**EXERCISE PROMPT**.
Give back one number only: how many lines in the material below contain "BarSpace".

── RECORDS SHOWN

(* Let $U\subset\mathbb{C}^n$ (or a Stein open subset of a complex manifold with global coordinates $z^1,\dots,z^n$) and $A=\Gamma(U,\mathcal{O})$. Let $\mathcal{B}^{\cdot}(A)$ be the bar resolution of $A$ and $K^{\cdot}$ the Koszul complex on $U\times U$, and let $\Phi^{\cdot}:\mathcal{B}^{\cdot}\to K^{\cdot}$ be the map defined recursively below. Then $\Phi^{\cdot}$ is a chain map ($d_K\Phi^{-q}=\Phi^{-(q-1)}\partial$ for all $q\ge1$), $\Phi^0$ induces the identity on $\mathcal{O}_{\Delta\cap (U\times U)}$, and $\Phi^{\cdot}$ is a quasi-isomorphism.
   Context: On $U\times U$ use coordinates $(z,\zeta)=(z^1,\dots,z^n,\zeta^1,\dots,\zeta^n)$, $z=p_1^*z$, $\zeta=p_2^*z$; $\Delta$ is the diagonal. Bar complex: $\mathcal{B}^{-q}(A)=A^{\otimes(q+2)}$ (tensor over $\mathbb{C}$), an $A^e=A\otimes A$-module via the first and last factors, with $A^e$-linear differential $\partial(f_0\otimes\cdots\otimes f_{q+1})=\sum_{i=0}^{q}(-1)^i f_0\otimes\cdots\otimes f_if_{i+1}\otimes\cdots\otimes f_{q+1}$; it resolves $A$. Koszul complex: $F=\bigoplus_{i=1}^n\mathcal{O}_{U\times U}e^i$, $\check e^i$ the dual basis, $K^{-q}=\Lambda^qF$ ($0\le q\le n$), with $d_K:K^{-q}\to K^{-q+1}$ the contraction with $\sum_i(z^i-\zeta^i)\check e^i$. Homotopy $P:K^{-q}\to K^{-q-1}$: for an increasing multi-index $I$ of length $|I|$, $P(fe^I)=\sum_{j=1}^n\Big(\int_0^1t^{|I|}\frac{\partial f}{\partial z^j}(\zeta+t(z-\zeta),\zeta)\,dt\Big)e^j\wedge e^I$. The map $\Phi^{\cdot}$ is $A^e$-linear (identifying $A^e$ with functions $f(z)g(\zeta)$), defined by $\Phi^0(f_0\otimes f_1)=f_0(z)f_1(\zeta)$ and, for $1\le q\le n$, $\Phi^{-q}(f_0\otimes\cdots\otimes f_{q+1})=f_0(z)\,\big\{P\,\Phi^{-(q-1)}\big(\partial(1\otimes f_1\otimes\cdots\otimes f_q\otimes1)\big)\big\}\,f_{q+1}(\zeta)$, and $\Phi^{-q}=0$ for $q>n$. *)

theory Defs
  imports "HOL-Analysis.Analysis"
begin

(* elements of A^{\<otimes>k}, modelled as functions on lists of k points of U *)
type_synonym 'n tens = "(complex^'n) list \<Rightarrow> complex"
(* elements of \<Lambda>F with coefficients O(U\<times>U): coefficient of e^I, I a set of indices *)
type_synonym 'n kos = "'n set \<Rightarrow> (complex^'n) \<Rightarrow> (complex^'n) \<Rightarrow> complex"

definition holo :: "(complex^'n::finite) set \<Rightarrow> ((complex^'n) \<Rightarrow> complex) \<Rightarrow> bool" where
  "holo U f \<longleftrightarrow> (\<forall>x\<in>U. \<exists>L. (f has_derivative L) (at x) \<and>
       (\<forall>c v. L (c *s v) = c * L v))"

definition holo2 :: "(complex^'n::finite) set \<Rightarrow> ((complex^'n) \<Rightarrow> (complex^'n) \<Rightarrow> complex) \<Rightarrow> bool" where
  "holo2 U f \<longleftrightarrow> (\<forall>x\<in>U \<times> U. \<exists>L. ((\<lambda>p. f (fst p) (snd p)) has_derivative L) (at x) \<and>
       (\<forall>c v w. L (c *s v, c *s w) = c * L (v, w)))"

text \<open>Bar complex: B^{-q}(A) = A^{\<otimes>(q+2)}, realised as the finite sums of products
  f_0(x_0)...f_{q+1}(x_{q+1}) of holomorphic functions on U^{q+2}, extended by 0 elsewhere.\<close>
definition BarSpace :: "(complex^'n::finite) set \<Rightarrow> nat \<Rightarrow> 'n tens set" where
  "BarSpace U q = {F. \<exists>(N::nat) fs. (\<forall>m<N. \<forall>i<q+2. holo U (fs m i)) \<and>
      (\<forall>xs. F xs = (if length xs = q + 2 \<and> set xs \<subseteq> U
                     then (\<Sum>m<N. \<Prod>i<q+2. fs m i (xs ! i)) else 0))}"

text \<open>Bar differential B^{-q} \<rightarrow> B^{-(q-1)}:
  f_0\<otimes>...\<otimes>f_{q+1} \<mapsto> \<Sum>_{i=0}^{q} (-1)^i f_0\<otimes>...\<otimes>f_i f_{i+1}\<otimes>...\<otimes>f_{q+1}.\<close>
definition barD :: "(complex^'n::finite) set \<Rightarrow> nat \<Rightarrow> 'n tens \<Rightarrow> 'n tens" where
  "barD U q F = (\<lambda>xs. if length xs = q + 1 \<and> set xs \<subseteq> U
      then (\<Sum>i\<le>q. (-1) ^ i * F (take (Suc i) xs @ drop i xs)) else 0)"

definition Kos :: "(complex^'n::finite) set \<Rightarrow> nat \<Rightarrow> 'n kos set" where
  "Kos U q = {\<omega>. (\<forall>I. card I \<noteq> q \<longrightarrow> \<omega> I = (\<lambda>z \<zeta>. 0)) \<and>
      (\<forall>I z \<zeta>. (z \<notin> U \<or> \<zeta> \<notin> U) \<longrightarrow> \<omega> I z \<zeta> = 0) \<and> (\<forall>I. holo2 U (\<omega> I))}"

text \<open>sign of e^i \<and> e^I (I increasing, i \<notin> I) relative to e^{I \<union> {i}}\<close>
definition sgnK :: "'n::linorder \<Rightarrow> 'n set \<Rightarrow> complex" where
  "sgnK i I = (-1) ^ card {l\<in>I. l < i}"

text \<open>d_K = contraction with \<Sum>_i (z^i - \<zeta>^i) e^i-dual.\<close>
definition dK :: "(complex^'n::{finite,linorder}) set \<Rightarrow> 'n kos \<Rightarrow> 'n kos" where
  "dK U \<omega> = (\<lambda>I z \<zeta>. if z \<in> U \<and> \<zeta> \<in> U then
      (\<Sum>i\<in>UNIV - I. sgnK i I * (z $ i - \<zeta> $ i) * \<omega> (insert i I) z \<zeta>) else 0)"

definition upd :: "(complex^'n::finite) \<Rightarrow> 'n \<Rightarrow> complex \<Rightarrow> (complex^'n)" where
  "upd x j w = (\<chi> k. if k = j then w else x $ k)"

────

**RESPONSE TO THE TASK**.
2